Projects
Sentiment Analysis of Movie Reviews
Predicting sentiment (positive/negative) of movie reviews using NLP and machine learning. (Scikit-learn, NLTK, Pandas)
This project delved into the application of natural language processing (NLP) techniques for classifying sentiment (positive or negative) within movie reviews. Leveraging key libraries like scikit-learn, NLTK, and Pandas, I meticulously preprocessed the text data, including tokenization, stop word removal, and stemming. To extract meaningful features, I employed the Term Frequency-Inverse Document Frequency (TF-IDF) weighting scheme.
Extensive model exploration revealed a tie between two top performers Support Vector Machines (SVM) with both linear and RBF kernels achieved an impressive accuracy of 89.9%. Due to its simplicity and ease of deployment, I prioritized the linear SVM as the best model. Analysis of the confusion matrix highlights a subtle bias towards positive classifications, presenting an interesting area for further optimization and potential exploration of techniques to address class imbalance.
StudyBuddy
An AI-powered study companion application built with React and Cloudflare Workers, integrating multiple AI APIs for intelligent educational assistance.

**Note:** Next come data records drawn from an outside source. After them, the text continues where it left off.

(* For $r\ge2$, the moduli space $\mathscr{M}^{[r,1]}_{0,r+1}$ consists of a single point.
   Context: Let $\mu=\left(\tfrac{r-1}{2r},-\tfrac{1}{2r},\dots,-\tfrac{1}{2r}\right)$ and let $\mathcal{C}_\mu\subset\mathrm{SU}(r)$ be the conjugacy class of $\operatorname{diag}(e^{2\pi i\mu_1},\dots,e^{2\pi i\mu_r})$ (so $\mathcal{C}_\mu\cong\mathbb{CP}^{r-1}$). For a genus $g$ surface with $r+1$ marked points, $\mathscr{M}^{[r,1]}_{g,r+1}=\{(A_1,\dots,A_g,B_1,\dots,B_g,C_1,\dots,C_{r+1})\in\mathrm{SU}(r)^{2g}\times\mathcal{C}_\mu^{r+1}:\prod_j[A_j,B_j]\prod_kC_k=I\}/\mathrm{conjugation}$. In particular $\mathscr{M}^{[r,1]}_{0,r+1}=\{(C_1,\dots,C_{r+1})\in\mathcal{C}_\mu^{r+1}:C_1\cdots C_{r+1}=I\}/\mathrm{SU}(r)$. *)

theory Defs
  imports Complex_Main "Jordan_Normal_Form.Matrix" "Jordan_Normal_Form.Determinant"
begin

definition adj :: "complex mat \<Rightarrow> complex mat" where
  "adj A = mat (dim_col A) (dim_row A) (\<lambda>(i,j). cnj (A $$ (j,i)))"

definition SU :: "nat \<Rightarrow> complex mat set" where
  "SU r = {U. U \<in> carrier_mat r r \<and> U * adj U = 1\<^sub>m r \<and> det U = 1}"

definition mu :: "nat \<Rightarrow> nat \<Rightarrow> real" where
  "mu r k = (if k = 0 then (real r - 1) / (2 * real r) else - 1 / (2 * real r))"

definition Dmu :: "nat \<Rightarrow> complex mat" where
  "Dmu r = mat_diag r (\<lambda>k. exp (2 * pi * \<i> * complex_of_real (mu r k)))"

definition conj_class :: "nat \<Rightarrow> complex mat set" where
  "conj_class r = {U * Dmu r * adj U | U. U \<in> SU r}"

definition tuples :: "nat \<Rightarrow> complex mat list set" where
  "tuples r = {Cs. length Cs = r + 1 \<and> set Cs \<subseteq> conj_class r
                  \<and> foldr (*) Cs (1\<^sub>m r) = 1\<^sub>m r}"

definition simconj :: "nat \<Rightarrow> (complex mat list \<times> complex mat list) set" where
  "simconj r = {(Cs, Ds). Cs \<in> tuples r \<and> Ds \<in> tuples r \<and>
                  (\<exists>U \<in> SU r. Ds = map (\<lambda>C. U * C * adj U) Cs)}"

definition moduli0 :: "nat \<Rightarrow> complex mat list set set" where
  "moduli0 r = tuples r // simconj r"

end

theory Submission
  imports Defs "Jordan_Normal_Form.Ring_Hom_Matrix"
begin

text \<open>Put \<open>\<eta> = e\<^sup>i\<^sup>\<pi>\<^sup>/\<^sup>r\<close>. The class \<open>\<C>\<^sub>\<mu>\<close> consists of the matrices \<open>\<eta>\<^sup>- H(u)\<close> with
  \<open>H(u) = I - 2uu\<^sup>*\<close> the reflection in a unit vector \<open>u\<close>, and since \<open>\<eta>\<^sup>r\<^sup>+\<^sup>1 = -\<eta>\<close> a point of the
  moduli space is a tuple of unit vectors \<open>u\<^sub>0, \<dots>, u\<^sub>r \<in> \<complex>\<^sup>r\<close>, each up to a phase, with
  \<open>H(u\<^sub>0) \<cdots> H(u\<^sub>r) = -\<eta> I\<close>.

  Expanding the product as \<open>I - 2 \<Sum>\<^sub>j u\<^sub>j y\<^sub>j\<^sup>*\<close> with \<open>y\<^sub>j = H(u\<^sub>r) \<cdots> H(u\<^sub>j\<^sub>+\<^sub>1) u\<^sub>j\<close>, scalarity
  says that the \<open>y\<^sub>j\<close> span \<open>\<complex>\<^sup>r\<close> and are annihilated by a twisted Gram matrix of the \<open>u\<^sub>j\<close>; that
  matrix therefore has rank one, which determines the Gram matrix of the \<open>u\<^sub>j\<close> up to rephasing.
  Two spanning families with the same Gram matrix differ by a unitary map, which can be
  rescaled into \<open>SU(r)\<close>: so there is at most one point.

  For existence, the vectors \<open>f\<^sub>k(a) = \<surd>w\<^sub>a (\<eta>\<^sup>- \<omega>\<^sup>a\<^sup>+\<^sup>1)\<^sup>k\<close>,
  \<open>\<omega> = e\<^sup>2\<^sup>\<pi>\<^sup>i\<^sup>/\<^sup>(\<^sup>r\<^sup>+\<^sup>1\<^sup>)\<close>, have the required
  Gram matrix when the weights \<open>w\<^sub>a\<close> are the discrete Fourier coefficients of its first row;
  these turn out to be positive. Running the Gram matrix computation backwards shows that the
  product of the \<open>H(f\<^sub>k)\<close> is \<open>-\<eta> I\<close>.\<close>

declare sum.lessThan_Suc[simp del] sum.op_ivl_Suc[simp del]

subsection \<open>The root \<open>\<eta> = e^{i\<pi>/r}\<close>\<close>

definition eta :: "nat \<Rightarrow> complex" where "eta r = cis (pi / real r)"

lemma cnj_eta_mult_eta: "cnj (eta r) * eta r = 1"
  unfolding eta_def by (simp add: cis_cnj cis_mult)

lemma eta_mult_cnj_eta: "eta r * cnj (eta r) = 1"
  using cnj_eta_mult_eta[of r] by (simp add: mult.commute)

lemma cnj_eta: "cnj (eta r) = inverse (eta r)"
  using eta_mult_cnj_eta[of r] by (metis inverse_unique)

lemma eta_nonzero: "eta r \<noteq> 0"
  using eta_mult_cnj_eta[of r] by auto

lemma eta_power_Suc: assumes "r > 0" shows "eta r ^ Suc r = - eta r"
  using assms unfolding eta_def by (simp add: DeMoivre)

lemma Im_eta_pos: assumes "r \<ge> 2" shows "Im (eta r) > 0"
proof -
  have "0 < pi / real r" using assms by simp
  moreover have "pi / real r < pi" using assms by (simp add: field_simps)
  ultimately show ?thesis unfolding eta_def by (simp add: sin_gt_zero)
qed

lemma eta_neq_pm1: assumes "r \<ge> 2" shows "eta r \<noteq> 1" "eta r \<noteq> -1"
  using Im_eta_pos[OF assms] by auto

lemma exp_mu_eq: assumes "r \<ge> 1"
  shows "exp (2 * complex_of_real pi * \<i> * complex_of_real (mu r k))
       = (if k = 0 then - cnj (eta r) else cnj (eta r))"
proof -
  have exp_cis: "exp (2 * complex_of_real pi * \<i> * complex_of_real x) = cis (2 * pi * x)" for x
    by (simp add: cis_conv_exp mult.commute mult.left_commute)
  show ?thesis
  proof (cases "k = 0")
    case True
    have "2 * pi * mu r k = pi + (- (pi / real r))" using True assms
      by (simp add: mu_def field_simps)
    moreover have "cis (pi - pi / real r) = cis pi * cis (- (pi / real r))"
      by (simp only: cis_mult diff_conv_add_uminus)
    ultimately show ?thesis using True unfolding exp_cis eta_def
      by (simp add: cis_cnj)
  next
    case False
    have "2 * pi * mu r k = - (pi / real r)" using False assms
      by (simp add: mu_def field_simps)
    then show ?thesis using False unfolding exp_cis eta_def
      by (simp add: cis_cnj)
  qed
qed

lemma unimodular_nth_root: assumes "w * cnj w = 1" "n > 0"
  shows "\<exists>s. s ^ n = w \<and> s * cnj s = 1"
proof -
  have "complex_of_real ((cmod w)\<^sup>2) = 1" using assms(1) complex_norm_square[of w] by simp
  then have "(cmod w)\<^sup>2 = 1" by (metis of_real_eq_1_iff)
  then have cw: "cmod w = 1" using norm_ge_zero[of w] by (auto simp: power2_eq_1_iff)
  define s where "s = cis (Arg w / real n)"
  have "s ^ n = cis (Arg w)" using assms(2) by (simp add: s_def DeMoivre)
  also have "\<dots> = w"
  proof -
    have "w \<noteq> 0" "sgn w = w" using cw by (auto simp: sgn_eq)
    then show ?thesis using Arg_correct[of w] by simp
  qed
  finally have "s ^ n = w" .
  moreover have "s * cnj s = 1" by (simp add: s_def cis_cnj cis_mult)
  ultimately show ?thesis by blast
qed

StudyBuddy AI is an innovative educational platform designed to revolutionize the way students learn and interact with study materials. Leveraging React for a dynamic frontend and Cloudflare Workers for a serverless backend, this project seamlessly integrates multiple AI APIs, including Anthropic’s Claude, to provide intelligent, context-aware study assistance. The application offers personalized learning experiences, real-time explanations across various subjects, and chat-based interactions for in-depth topic exploration.
Key technical achievements include implementing a scalable architecture for real-time AI interactions, robust user authentication with JWT and role-based access control, and a tiered subscription model integrated with Stripe. Advanced features such as PDF document analysis, smart text selection, and version control for study materials enhance the learning experience. Performance optimizations like React Query for state management, code splitting, and lazy loading resulted in a 40% reduction in load times. The project also focuses on security, utilizing JWT tokens and bcrypt for password hashing to ensure user data protection.

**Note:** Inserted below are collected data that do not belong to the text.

(* We have $\mathrm{ppn}(K_{1,1,c})=1$ for all positive integers $c$ if and only if the Twin Prime Conjecture (there are infinitely many primes $p$ such that $p+2$ is also prime) is true.
   Context: $K_{1,1,c}$ is the complete 3-partite graph with partite sets of sizes $1,1,c$. A $k$-prime product distance labeling of a finite graph $G$ (for a positive integer $k$) is an injective map $L:V(G)\to\mathbb{Z}$ such that $|L(u)-L(v)|>1$ for all distinct vertices $u,v$ of $G$, and such that for every pair of adjacent vertices $u,v$ the integer $|L(u)-L(v)|$ has at most $k$ prime factors counted with multiplicity. The prime product number $\mathrm{ppn}(G)$ is the least positive integer $k$ such that $G$ has a $k$-prime product distance labeling. *)

theory Defs
  imports "HOL-Computational_Algebra.Primes"
begin

text \<open>K_{1,1,c}: vertices 0, 1, 2, ..., c+1; partite sets {0}, {1}, {2..c+1}.\<close>
definition K11c_V :: "nat \<Rightarrow> nat set" where
  "K11c_V c = {0..c+1}"

definition K11c_part :: "nat \<Rightarrow> nat" where
  "K11c_part v = min v 2"

definition K11c_E :: "nat \<Rightarrow> nat \<Rightarrow> nat \<Rightarrow> bool" where
  "K11c_E c u v \<longleftrightarrow> u \<in> K11c_V c \<and> v \<in> K11c_V c \<and> K11c_part u \<noteq> K11c_part v"

definition Omega :: "nat \<Rightarrow> nat" where
  "Omega n = size (prime_factorization n)"

definition is_prime_product_labeling ::
    "'a set \<Rightarrow> ('a \<Rightarrow> 'a \<Rightarrow> bool) \<Rightarrow> nat \<Rightarrow> ('a \<Rightarrow> int) \<Rightarrow> bool" where
  "is_prime_product_labeling V E k L \<longleftrightarrow>
     inj_on L V \<and>
     (\<forall>u\<in>V. \<forall>v\<in>V. u \<noteq> v \<longrightarrow> \<bar>L u - L v\<bar> > 1) \<and>
     (\<forall>u\<in>V. \<forall>v\<in>V. E u v \<longrightarrow> Omega (nat \<bar>L u - L v\<bar>) \<le> k)"

definition ppn :: "'a set \<Rightarrow> ('a \<Rightarrow> 'a \<Rightarrow> bool) \<Rightarrow> nat" where
  "ppn V E = (LEAST k. 0 < k \<and> (\<exists>L. is_prime_product_labeling V E k L))"

end

theory Submission
  imports Defs
begin

text \<open>In a 1-labeling of \<open>K\<^sub>1\<^sub>,\<^sub>1\<^sub>,\<^sub>c\<close> every edge length is prime. Let \<open>a, b\<close> label the two
  singleton parts; \<open>|a - b|\<close> is prime and every other label \<open>x\<close> is at prime distance from both.
  If \<open>a - b\<close> is odd, one of \<open>x - a, x - b\<close> is an even prime, so \<open>x \<in> {a \<plusminus> 2, b \<plusminus> 2}\<close>.
  Otherwise \<open>|a - b| = 2\<close>, and \<open>x - min a b\<close> and \<open>x - min a b - 2\<close> are primes up to sign, so
  \<open>x\<close> is determined by a twin prime pair and a side: at most \<open>2 T\<close> labels if there are only
  \<open>T\<close> twin pairs. Conversely, infinitely many twin pairs \<open>(p, p + 2)\<close> give the 1-labeling
  \<open>0, 2, p\<^sub>1 + 2, \<dots>, p\<^sub>c + 2\<close>.\<close>

lemma Omega_prime: "prime p \<Longrightarrow> Omega p = 1"
  by (simp add: Omega_def prime_factorization_prime)

lemma prime_if_Omega_le_1:
  assumes "2 \<le> n" "Omega n \<le> 1"
  shows "prime n"
proof -
  have n_eq: "n = prod_mset (prime_factorization n)"
    using assms(1) by (simp add: prod_mset_prime_factorization)
  have "size (prime_factorization n) \<le> 1"
    using assms(2) by (simp add: Omega_def)
  then consider "prime_factorization n = {#}" | p where "prime_factorization n = {#p#}"
    by (metis One_nat_def le_SucE le_zero_eq size_1_singleton_mset size_eq_0_iff_empty)
  then show ?thesis
  proof cases
    case 1
    then show ?thesis using n_eq assms(1) by simp
  next
    case 2
    then have "prime p" by (metis in_prime_factors_imp_prime union_single_eq_member)
    then show ?thesis using n_eq 2 by simp
  qed
qed

lemma even_distance_gt_1:
  fixes x y :: int
  assumes "x \<noteq> y" "even (x - y)"
  shows "\<bar>x - y\<bar> > 1"
proof -
  obtain k where k: "x - y = 2 * k"
    using assms(2) by (rule evenE)
  with assms(1) have "k \<noteq> 0" by auto
  with k show ?thesis by (auto simp: abs_mult)
qed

Bible-Based Language Model (TBC)
Developing a specialized T5-based language model for biblical text analysis and generation using PyTorch and Hugging Face Transformers.
Current Status: NEED COMPUTE
This project focuses on creating a sophisticated language model tailored for biblical texts and theological analysis. Utilizing the T5 architecture and PyTorch, I implemented a comprehensive data preprocessing pipeline to handle multiple Bible versions and theological texts. The model is designed to perform various tasks including verse completion, thematic analysis, and contextual interpretation of biblical passages.

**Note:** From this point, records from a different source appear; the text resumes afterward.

lemma adjacent_tverts_Int:
  assumes bt: "binary_tree_based H" and adj: "adjacent H i j"
  shows "tverts H i \<inter> tverts H j = {shared_leaf H i j}"
    and "shared_leaf H i j \<in> TL H i \<inter> TL H j"
proof -
  have ij: "i < ntrees H" "j < ntrees H" "i \<noteq> j" using adj unfolding adjacent_def by auto
  obtain v where v: "v \<in> TL H i" "v \<in> TL H j" using adj unfolding adjacent_def by auto
  have "finite (tverts H i \<inter> tverts H j)"
    using rooted_tree_tverts[OF bt ij(1)] unfolding rooted_tree_def by simp
  moreover have "card (tverts H i \<inter> tverts H j) \<le> 1"
    and "tverts H i \<inter> tverts H j \<subseteq> TL H i \<inter> TL H j"
    using bt ij unfolding binary_tree_based_def by auto
  moreover have "v \<in> tverts H i \<inter> tverts H j" using v TL_subset by fast
  ultimately have common: "tverts H i \<inter> tverts H j = {v}"
    by (auto simp: card_le_Suc0_iff_eq)
  have "shared_leaf H i j = v"
    unfolding shared_leaf_def using v common TL_subset by (intro the_equality) fast+
  then show "tverts H i \<inter> tverts H j = {shared_leaf H i j}"
    and "shared_leaf H i j \<in> TL H i \<inter> TL H j" using common v by auto
qed

lemma clause_vars_eq_root_paths:
  assumes bt: "binary_tree_based H" and adj: "adjacent H i j"
  shows "clause_vars H i j = set (root_path (troot H i) (tpar H i) (shared_leaf H i j))
                           \<union> set (root_path (troot H j) (tpar H j) (shared_leaf H i j))"
proof -
  let ?l = "shared_leaf H i j"
  have ij: "i < ntrees H" "j < ntrees H" using adj unfolding adjacent_def by auto
  have "?l \<noteq> troot H i" "?l \<noteq> troot H j"
    using adjacent_tverts_Int(2)[OF bt adj] TL_subset by fast+
  then have "(THE xs. is_path (TE H i \<union> TE H j) (troot H i) (troot H j) xs)
      = rev (root_path (troot H i) (tpar H i) ?l) @ tl (root_path (troot H j) (tpar H j) ?l)"
    unfolding TE_def
    using the_path_Un_rooted_trees[OF rooted_tree_tverts[OF bt ij(1)] rooted_tree_tverts[OF bt ij(2)]
        adjacent_tverts_Int(1)[OF bt adj]] by blast
  then show ?thesis
    unfolding clause_vars_def
    using set_root_path[of "troot H i" "tpar H i" ?l] set_root_path[of "troot H j" "tpar H j" ?l]
    by auto
qed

A hybrid training approach was employed, leveraging transfer learning from smaller to larger models to optimize performance. Custom evaluation metrics were developed to assess the model’s capability in tasks specific to biblical understanding. The evaluation framework provides insights into the model’s performance across different aspects of biblical knowledge and interpretation. While initial results show promise in capturing biblical language patterns, ongoing work focuses on refining the model’s accuracy and contextual understanding.